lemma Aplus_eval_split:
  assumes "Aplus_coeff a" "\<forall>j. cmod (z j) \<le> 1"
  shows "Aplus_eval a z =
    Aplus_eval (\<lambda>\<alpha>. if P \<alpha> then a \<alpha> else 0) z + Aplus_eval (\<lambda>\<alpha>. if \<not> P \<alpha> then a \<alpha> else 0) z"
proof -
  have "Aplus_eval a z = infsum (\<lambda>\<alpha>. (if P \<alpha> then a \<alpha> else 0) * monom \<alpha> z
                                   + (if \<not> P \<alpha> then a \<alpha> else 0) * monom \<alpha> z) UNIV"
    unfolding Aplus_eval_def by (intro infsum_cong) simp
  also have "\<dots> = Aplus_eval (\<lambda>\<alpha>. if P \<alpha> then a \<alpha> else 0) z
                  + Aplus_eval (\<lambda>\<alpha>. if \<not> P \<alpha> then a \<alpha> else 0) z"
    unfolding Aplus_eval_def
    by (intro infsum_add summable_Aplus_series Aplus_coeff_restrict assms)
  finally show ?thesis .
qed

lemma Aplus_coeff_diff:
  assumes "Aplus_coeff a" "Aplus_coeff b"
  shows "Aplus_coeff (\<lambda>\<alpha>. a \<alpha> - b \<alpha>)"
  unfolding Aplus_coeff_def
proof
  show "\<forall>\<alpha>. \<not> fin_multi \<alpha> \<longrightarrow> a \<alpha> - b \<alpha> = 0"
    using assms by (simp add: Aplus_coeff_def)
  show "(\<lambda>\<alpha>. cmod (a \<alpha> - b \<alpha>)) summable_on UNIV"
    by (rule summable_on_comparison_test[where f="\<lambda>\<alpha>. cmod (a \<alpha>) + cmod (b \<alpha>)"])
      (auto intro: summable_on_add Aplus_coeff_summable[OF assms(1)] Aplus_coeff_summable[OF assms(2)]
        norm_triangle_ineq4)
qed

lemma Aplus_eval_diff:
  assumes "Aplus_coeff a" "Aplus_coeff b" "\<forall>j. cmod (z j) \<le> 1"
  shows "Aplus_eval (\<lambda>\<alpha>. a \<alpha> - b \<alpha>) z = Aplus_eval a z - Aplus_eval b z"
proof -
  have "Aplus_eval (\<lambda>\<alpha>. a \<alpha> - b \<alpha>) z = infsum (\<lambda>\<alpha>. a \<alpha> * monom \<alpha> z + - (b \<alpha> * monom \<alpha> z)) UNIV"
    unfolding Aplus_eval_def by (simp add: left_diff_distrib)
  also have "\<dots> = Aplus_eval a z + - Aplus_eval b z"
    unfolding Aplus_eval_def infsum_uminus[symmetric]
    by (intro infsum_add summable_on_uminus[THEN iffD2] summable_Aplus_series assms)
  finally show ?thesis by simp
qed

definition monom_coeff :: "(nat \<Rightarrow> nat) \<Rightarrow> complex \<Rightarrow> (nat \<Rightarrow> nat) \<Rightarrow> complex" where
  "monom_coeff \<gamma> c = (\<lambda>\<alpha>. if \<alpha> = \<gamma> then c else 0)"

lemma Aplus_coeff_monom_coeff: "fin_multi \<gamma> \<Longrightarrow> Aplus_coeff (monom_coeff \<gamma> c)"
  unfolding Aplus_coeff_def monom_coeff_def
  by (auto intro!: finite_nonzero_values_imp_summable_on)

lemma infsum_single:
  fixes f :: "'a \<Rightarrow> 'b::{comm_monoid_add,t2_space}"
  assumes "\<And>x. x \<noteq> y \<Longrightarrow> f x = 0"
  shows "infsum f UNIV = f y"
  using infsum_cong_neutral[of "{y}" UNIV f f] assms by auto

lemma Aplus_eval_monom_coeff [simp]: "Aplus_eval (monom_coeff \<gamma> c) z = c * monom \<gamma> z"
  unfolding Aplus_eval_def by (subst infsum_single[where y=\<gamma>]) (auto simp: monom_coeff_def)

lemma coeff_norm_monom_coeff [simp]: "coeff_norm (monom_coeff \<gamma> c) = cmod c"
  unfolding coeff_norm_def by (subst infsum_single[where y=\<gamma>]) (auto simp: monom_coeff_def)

***

▸ **What you should do**
Look through the data above for the string "intro" and copy every line where it appears.

▸ **Result below**
    unfolding Aplus_eval_def by (intro infsum_cong) simp
    by (intro infsum_add summable_Aplus_series Aplus_coeff_restrict assms)
      (auto intro: summable_on_add Aplus_coeff_summable[OF assms(1)] Aplus_coeff_summable[OF assms(2)]
    by (intro infsum_add summable_on_uminus[THEN iffD2] summable_Aplus_series assms)
  by (auto intro!: finite_nonzero_values_imp_summable_on)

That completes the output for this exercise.